╔══

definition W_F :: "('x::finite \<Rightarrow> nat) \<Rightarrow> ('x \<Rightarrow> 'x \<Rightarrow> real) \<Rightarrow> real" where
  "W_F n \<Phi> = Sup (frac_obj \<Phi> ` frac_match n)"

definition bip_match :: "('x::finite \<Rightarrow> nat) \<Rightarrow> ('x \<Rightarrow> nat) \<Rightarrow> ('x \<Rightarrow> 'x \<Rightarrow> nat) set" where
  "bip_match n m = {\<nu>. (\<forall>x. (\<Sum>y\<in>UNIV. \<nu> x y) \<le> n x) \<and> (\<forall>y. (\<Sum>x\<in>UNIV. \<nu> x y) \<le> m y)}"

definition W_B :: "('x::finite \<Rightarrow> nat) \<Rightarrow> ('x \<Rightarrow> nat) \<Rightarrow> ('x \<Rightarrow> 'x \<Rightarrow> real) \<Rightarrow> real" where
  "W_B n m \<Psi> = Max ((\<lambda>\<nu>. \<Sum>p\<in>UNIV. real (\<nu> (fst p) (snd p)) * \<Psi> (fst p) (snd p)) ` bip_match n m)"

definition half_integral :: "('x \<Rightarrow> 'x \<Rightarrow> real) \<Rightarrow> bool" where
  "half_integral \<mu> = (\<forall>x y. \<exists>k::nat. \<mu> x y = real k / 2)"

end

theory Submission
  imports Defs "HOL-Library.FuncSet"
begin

╚══
╔══

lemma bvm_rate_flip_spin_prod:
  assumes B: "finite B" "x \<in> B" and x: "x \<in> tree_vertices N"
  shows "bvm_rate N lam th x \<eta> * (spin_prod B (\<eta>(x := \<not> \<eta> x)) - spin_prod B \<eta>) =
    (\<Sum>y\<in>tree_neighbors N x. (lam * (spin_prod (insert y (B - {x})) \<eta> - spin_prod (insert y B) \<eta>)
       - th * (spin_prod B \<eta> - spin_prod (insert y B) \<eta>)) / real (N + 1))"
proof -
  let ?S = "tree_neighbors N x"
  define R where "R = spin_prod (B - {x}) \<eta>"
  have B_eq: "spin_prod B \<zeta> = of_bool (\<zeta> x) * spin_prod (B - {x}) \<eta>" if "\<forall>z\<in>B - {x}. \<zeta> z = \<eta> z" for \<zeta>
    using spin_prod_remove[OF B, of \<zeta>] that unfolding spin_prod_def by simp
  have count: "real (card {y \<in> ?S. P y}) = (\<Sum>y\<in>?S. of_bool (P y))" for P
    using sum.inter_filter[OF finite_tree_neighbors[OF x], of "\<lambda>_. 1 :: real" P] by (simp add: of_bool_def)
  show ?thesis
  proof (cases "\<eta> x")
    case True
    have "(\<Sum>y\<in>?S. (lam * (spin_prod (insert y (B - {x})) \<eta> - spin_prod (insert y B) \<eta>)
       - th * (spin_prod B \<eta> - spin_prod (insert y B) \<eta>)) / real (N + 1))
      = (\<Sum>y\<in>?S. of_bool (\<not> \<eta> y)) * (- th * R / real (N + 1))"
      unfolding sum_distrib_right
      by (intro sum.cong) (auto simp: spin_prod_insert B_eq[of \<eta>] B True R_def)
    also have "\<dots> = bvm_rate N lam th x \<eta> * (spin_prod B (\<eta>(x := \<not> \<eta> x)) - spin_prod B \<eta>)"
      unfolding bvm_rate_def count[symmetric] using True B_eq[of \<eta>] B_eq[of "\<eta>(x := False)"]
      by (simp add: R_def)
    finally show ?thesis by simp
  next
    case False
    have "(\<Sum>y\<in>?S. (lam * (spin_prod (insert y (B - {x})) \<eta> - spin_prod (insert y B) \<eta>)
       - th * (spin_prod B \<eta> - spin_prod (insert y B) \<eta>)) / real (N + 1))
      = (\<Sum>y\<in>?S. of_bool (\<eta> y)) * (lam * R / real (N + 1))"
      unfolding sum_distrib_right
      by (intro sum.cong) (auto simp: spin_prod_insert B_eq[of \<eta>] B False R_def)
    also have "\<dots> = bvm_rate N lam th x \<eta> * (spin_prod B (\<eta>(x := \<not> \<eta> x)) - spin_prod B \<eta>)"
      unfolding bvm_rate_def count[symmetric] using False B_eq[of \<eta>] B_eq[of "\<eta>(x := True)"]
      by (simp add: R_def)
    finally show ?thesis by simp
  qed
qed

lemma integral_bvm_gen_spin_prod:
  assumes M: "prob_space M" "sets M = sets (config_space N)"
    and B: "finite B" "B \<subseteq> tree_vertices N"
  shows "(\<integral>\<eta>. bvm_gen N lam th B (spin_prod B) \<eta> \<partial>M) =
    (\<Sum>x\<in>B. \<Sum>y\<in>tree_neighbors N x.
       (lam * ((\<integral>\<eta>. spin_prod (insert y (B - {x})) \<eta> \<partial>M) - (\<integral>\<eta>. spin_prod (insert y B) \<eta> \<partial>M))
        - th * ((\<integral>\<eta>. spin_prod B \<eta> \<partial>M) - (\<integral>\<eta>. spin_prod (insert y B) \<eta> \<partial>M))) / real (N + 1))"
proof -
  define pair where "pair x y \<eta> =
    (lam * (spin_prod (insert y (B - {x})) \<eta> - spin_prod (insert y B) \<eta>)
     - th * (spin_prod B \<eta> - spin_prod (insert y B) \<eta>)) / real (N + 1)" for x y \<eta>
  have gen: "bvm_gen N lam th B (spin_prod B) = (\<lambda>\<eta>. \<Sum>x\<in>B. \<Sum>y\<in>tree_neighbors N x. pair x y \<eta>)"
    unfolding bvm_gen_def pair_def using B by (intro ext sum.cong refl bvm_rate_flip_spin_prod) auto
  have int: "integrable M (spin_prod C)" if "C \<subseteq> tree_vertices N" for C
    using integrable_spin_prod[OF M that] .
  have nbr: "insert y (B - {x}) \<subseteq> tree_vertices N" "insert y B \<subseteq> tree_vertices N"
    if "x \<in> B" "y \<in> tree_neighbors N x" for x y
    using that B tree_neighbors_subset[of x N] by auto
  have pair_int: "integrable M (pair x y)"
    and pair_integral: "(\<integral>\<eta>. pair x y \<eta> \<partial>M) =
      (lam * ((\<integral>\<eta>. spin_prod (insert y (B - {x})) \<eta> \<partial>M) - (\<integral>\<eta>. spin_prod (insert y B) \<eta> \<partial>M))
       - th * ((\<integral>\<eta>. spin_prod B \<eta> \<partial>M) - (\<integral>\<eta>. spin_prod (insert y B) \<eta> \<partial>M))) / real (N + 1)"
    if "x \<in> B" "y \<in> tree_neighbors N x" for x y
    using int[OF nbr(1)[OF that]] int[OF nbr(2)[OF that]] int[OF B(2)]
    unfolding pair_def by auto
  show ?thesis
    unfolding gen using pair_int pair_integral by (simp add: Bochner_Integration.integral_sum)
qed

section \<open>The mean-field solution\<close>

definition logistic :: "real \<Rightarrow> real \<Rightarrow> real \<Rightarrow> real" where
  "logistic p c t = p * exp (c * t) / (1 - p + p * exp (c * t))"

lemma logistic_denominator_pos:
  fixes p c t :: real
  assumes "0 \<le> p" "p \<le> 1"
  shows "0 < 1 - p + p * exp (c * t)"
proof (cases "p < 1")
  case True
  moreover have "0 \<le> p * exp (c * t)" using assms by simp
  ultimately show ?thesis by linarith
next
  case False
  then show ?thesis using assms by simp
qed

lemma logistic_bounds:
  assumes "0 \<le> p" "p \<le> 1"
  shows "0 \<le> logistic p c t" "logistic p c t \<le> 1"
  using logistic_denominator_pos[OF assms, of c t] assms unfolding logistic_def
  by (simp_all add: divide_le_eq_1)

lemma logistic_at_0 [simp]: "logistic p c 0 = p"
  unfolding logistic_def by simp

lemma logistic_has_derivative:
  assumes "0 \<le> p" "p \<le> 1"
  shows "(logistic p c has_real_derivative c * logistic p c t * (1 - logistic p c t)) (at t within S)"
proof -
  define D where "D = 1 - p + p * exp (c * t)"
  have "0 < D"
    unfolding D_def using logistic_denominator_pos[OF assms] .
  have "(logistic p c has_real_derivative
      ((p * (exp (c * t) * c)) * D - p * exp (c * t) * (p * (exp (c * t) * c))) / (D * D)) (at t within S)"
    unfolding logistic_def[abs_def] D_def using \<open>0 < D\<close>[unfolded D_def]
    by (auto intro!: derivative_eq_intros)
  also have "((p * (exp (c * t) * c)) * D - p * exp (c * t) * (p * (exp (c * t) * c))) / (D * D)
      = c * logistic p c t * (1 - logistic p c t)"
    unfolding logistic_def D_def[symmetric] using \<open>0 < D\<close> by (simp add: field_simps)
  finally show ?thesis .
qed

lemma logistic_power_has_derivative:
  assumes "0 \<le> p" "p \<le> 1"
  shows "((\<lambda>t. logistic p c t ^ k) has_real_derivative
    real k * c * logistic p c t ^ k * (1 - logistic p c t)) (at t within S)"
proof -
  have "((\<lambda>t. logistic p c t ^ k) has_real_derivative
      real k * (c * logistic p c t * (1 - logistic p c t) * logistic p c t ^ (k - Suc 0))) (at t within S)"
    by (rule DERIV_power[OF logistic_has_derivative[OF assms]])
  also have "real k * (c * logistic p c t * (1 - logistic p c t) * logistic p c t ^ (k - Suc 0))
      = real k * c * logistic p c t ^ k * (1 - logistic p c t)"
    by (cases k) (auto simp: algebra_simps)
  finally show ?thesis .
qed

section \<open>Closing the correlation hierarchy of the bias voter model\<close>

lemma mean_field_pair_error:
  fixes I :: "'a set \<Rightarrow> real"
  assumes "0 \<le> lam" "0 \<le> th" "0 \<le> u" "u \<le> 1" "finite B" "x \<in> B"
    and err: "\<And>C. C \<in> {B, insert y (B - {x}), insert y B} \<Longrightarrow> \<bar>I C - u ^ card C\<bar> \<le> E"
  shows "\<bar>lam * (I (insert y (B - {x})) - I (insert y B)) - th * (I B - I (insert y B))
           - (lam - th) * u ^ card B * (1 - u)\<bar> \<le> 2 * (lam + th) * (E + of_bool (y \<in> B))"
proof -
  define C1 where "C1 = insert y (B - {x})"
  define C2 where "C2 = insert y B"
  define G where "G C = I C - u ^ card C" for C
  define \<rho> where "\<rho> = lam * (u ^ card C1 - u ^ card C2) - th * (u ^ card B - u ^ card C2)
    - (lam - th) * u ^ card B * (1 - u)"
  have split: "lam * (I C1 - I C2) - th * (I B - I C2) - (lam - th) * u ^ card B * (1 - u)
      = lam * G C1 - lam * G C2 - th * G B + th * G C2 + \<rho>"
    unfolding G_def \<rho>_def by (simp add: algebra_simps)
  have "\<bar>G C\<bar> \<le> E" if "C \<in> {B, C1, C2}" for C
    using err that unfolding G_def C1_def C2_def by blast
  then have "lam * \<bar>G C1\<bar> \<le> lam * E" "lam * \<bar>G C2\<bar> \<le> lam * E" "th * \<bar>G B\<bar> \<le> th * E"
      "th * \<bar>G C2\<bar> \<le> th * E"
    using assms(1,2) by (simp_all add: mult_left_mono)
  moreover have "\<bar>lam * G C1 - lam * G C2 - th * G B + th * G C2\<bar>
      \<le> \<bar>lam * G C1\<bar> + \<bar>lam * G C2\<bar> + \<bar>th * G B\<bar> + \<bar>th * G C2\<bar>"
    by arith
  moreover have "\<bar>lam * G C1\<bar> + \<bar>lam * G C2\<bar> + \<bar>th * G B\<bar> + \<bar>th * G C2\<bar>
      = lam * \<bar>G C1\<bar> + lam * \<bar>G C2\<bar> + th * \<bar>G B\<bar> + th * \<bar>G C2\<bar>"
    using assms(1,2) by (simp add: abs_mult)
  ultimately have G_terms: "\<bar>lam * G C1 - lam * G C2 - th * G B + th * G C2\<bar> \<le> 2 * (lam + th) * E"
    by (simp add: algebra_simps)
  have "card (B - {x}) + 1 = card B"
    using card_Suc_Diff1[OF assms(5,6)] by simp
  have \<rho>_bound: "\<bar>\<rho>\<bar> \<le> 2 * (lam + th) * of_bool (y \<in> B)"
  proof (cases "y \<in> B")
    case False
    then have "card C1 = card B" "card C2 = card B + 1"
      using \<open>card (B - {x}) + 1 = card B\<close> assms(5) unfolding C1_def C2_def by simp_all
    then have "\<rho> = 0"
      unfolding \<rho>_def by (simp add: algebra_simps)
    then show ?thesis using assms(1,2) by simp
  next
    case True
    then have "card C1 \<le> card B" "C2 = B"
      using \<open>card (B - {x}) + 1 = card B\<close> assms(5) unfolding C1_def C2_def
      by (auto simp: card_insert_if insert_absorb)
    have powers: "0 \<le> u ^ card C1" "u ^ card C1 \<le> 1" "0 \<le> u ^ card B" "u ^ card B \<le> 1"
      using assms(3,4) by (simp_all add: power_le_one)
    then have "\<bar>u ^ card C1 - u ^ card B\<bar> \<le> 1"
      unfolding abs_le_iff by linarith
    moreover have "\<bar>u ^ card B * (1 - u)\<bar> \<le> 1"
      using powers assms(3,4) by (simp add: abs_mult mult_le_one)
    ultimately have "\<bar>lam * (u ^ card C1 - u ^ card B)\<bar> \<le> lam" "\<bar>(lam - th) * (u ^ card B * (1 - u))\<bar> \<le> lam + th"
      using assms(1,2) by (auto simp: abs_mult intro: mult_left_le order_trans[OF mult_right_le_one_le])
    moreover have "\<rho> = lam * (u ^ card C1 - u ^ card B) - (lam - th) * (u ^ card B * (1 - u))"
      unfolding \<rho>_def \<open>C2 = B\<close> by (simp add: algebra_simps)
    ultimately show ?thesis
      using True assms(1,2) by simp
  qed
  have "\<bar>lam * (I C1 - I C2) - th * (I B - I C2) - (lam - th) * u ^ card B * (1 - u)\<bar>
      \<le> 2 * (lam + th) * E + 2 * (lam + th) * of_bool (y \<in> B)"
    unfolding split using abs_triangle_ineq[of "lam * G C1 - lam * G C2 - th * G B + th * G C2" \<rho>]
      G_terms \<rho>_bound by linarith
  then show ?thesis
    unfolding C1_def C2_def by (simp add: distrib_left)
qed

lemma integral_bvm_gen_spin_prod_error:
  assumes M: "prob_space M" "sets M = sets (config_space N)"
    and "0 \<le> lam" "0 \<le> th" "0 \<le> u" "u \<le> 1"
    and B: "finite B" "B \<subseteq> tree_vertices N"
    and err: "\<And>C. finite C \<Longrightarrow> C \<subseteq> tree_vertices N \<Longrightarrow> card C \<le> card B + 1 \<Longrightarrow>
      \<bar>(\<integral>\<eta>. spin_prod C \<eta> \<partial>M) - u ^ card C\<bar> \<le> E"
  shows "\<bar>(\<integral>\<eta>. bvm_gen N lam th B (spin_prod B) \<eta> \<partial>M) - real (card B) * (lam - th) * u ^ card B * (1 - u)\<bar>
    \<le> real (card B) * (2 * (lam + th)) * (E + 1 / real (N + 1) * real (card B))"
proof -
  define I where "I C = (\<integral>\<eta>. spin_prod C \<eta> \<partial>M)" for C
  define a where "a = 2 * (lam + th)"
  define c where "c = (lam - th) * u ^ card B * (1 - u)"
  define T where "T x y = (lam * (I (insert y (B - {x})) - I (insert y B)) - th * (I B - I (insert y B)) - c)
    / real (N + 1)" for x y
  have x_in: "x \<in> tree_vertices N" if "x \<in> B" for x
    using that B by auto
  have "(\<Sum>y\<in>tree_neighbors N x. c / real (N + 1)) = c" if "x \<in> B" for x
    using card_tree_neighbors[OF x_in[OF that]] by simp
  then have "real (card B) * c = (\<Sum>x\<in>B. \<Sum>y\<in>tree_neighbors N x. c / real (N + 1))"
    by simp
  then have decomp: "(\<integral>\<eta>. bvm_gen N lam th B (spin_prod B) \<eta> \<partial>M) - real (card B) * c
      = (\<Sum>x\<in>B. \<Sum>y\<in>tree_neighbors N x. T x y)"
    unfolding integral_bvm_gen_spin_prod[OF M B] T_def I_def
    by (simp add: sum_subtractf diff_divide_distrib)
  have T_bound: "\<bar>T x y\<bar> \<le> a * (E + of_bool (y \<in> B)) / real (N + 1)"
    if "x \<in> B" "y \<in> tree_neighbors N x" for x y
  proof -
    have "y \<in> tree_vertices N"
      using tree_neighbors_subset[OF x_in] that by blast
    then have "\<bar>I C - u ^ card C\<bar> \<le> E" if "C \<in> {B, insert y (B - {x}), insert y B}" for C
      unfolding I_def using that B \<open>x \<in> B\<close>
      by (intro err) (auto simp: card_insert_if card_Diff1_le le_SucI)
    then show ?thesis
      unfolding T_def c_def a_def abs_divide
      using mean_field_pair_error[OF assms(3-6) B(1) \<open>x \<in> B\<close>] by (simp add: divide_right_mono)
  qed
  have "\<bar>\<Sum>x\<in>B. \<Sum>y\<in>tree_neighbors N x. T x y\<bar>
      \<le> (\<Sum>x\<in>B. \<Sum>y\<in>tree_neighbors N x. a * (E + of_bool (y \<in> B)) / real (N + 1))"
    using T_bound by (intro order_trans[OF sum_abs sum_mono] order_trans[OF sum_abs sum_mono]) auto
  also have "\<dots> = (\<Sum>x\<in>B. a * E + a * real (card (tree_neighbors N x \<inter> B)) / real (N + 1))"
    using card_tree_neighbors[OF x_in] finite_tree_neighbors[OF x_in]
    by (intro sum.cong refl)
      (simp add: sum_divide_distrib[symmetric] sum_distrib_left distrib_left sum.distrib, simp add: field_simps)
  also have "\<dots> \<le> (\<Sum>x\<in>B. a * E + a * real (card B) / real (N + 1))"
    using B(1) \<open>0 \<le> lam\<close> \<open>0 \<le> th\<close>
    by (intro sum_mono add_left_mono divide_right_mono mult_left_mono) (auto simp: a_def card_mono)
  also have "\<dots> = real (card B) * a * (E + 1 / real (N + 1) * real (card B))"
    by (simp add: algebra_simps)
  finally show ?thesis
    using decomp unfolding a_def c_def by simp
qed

╚══

What the task asks:
Above are the records; from them, give again exactly the lines from the one containing "by (intro err)" to the one containing "(\<Sum>x\<in>B. \<Sum>y\<in>tree_neighbors N x. a", both lines included, and nothing more.

Solution:
      by (intro err) (auto simp: card_insert_if card_Diff1_le le_SucI)
    then show ?thesis
      unfolding T_def c_def a_def abs_divide
      using mean_field_pair_error[OF assms(3-6) B(1) \<open>x \<in> B\<close>] by (simp add: divide_right_mono)
  qed
  have "\<bar>\<Sum>x\<in>B. \<Sum>y\<in>tree_neighbors N x. T x y\<bar>
      \<le> (\<Sum>x\<in>B. \<Sum>y\<in>tree_neighbors N x. a * (E + of_bool (y \<in> B)) / real (N + 1))"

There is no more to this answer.